## Your instructions
Would you go through the records below and copy each line with the string "subseteq"?

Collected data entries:

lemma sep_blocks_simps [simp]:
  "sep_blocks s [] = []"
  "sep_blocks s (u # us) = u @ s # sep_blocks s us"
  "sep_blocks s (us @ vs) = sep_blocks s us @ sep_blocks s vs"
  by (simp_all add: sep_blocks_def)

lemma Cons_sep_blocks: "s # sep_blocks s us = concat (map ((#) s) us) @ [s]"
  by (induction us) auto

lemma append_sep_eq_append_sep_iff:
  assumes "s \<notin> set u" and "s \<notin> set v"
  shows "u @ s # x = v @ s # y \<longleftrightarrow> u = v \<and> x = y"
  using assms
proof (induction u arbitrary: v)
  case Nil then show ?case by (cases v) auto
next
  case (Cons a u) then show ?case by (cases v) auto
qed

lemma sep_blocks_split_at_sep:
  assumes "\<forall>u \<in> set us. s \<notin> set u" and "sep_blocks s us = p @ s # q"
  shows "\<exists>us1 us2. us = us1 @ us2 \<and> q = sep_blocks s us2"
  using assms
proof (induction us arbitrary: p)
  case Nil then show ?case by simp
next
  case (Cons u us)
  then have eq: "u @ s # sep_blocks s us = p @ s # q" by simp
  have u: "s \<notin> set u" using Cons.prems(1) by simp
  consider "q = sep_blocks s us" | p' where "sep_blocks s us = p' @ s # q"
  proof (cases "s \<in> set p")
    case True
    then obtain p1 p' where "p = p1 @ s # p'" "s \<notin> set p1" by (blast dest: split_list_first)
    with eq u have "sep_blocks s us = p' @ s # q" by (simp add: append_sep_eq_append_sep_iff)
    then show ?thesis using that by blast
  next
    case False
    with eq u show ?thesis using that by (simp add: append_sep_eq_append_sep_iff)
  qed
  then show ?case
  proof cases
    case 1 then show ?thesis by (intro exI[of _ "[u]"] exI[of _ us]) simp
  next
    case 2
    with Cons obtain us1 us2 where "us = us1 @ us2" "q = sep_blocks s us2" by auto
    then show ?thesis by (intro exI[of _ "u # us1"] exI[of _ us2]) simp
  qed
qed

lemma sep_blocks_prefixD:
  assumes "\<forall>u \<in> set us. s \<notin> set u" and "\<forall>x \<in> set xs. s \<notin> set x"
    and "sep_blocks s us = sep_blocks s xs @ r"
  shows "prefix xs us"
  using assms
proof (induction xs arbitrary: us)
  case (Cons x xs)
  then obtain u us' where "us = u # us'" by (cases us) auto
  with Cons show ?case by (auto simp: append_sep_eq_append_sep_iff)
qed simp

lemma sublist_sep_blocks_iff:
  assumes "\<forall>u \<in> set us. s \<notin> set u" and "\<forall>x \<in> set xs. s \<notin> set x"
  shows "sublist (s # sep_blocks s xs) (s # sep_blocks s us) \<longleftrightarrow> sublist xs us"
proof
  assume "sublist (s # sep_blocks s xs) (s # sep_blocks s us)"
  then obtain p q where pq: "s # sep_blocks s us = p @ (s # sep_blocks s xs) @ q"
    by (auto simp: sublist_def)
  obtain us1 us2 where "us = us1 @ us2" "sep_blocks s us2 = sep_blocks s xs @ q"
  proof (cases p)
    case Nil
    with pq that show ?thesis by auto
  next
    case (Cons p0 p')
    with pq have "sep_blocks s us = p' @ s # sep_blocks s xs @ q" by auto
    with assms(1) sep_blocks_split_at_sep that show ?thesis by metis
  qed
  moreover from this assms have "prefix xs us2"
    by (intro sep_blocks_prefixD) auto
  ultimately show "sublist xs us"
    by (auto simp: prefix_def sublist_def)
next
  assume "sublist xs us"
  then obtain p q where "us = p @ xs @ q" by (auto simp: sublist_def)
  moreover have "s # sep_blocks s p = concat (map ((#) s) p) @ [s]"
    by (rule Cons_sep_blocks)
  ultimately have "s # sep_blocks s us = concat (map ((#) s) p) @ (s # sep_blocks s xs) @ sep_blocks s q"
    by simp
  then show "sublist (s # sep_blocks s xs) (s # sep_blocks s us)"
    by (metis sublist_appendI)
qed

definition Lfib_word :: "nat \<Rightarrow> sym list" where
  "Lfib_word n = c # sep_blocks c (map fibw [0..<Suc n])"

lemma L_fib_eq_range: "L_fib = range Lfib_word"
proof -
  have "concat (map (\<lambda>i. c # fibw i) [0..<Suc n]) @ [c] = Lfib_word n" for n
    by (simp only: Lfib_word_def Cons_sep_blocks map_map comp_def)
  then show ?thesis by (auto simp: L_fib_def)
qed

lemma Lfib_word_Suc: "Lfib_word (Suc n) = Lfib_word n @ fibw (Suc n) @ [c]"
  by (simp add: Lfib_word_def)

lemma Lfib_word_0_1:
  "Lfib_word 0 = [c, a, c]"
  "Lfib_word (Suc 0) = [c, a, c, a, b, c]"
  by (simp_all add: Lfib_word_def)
--
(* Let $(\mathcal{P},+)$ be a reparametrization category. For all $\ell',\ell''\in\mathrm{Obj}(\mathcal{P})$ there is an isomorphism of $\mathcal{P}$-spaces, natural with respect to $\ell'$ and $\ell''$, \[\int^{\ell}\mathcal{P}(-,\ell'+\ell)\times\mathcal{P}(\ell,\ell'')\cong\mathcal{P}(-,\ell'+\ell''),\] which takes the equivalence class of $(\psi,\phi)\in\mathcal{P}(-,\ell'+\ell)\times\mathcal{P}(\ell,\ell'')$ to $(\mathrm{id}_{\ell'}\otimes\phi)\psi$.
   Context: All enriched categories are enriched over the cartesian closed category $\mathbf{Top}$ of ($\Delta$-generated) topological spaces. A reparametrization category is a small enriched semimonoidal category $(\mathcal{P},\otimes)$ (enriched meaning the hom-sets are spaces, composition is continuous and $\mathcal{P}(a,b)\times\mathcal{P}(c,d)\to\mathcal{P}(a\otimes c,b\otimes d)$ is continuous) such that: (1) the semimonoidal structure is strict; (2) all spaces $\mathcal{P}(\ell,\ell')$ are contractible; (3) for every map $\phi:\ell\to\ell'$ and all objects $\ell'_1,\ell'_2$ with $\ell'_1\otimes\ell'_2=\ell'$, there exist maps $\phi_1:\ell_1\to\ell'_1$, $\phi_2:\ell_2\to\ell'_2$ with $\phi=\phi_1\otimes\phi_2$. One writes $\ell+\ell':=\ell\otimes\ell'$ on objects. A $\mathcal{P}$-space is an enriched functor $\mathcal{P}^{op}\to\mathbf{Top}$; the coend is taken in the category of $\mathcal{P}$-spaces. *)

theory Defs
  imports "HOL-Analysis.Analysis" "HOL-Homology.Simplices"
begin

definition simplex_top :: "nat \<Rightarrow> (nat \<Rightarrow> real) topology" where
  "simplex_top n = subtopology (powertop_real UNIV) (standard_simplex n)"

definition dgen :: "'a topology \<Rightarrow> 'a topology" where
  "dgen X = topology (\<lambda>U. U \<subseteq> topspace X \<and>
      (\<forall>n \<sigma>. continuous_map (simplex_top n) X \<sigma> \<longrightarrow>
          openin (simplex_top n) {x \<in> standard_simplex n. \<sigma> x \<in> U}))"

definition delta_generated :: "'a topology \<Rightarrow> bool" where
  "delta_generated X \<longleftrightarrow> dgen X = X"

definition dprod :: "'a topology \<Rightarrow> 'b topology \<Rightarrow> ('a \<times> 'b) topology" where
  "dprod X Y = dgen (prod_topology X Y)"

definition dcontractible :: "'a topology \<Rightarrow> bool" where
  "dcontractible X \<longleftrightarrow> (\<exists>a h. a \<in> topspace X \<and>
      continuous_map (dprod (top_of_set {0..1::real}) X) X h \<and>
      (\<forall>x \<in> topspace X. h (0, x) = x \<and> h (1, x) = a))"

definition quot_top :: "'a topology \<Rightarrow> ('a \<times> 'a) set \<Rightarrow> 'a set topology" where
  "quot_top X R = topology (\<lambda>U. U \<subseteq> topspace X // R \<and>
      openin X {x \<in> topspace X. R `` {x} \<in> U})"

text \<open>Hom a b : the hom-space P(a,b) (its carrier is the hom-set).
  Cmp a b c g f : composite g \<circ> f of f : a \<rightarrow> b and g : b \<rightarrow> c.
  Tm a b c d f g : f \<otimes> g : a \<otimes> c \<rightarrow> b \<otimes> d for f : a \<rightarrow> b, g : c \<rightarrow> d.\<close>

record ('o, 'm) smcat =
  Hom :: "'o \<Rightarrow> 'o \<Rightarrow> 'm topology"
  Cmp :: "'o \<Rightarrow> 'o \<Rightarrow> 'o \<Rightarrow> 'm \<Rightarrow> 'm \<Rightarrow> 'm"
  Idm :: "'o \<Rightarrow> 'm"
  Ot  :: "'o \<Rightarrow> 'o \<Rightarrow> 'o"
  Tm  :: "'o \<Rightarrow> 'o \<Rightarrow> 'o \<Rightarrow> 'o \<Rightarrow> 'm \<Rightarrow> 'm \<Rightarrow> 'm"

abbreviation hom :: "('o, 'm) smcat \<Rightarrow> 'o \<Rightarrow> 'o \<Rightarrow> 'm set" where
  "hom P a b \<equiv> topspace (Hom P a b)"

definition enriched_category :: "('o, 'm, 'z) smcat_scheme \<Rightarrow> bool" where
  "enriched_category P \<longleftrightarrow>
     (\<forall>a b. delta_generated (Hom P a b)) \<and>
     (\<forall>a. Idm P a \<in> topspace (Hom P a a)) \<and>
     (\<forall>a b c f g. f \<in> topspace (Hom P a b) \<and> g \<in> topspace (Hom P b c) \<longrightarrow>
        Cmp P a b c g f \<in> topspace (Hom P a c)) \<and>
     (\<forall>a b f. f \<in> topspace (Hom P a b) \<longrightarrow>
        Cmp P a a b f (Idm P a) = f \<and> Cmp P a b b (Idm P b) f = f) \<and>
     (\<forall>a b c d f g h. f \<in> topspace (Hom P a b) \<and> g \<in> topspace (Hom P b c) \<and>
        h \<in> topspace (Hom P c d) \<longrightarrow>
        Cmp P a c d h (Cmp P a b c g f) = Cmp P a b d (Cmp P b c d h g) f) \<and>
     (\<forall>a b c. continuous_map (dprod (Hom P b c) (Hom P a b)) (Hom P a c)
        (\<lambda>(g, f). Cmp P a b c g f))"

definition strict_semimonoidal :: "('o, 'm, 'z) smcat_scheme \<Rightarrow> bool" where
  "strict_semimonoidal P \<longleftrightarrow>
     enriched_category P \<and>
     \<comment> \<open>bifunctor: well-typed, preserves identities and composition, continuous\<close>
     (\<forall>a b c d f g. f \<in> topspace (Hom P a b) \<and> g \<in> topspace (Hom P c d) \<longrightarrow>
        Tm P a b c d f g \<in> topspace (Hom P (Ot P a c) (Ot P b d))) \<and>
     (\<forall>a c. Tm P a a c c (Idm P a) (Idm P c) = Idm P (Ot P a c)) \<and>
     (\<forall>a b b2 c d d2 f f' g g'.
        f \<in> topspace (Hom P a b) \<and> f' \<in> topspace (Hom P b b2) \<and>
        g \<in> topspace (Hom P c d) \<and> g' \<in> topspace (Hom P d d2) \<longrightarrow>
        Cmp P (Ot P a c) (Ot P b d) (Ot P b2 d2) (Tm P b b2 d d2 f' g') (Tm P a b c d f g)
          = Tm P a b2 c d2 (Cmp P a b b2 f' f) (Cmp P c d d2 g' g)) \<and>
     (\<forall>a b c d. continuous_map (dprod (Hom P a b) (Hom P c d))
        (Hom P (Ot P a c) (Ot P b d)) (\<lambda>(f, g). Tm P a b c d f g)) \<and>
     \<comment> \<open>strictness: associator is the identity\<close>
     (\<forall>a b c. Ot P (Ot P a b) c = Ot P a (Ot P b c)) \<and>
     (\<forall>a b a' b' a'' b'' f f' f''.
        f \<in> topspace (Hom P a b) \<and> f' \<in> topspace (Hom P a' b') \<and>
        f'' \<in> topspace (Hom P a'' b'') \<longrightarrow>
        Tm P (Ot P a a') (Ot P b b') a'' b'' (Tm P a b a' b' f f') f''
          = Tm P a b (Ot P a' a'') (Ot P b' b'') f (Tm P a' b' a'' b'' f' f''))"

## Exercise result
  "dgen X = topology (\<lambda>U. U \<subseteq> topspace X \<and>
  "quot_top X R = topology (\<lambda>U. U \<subseteq> topspace X // R \<and>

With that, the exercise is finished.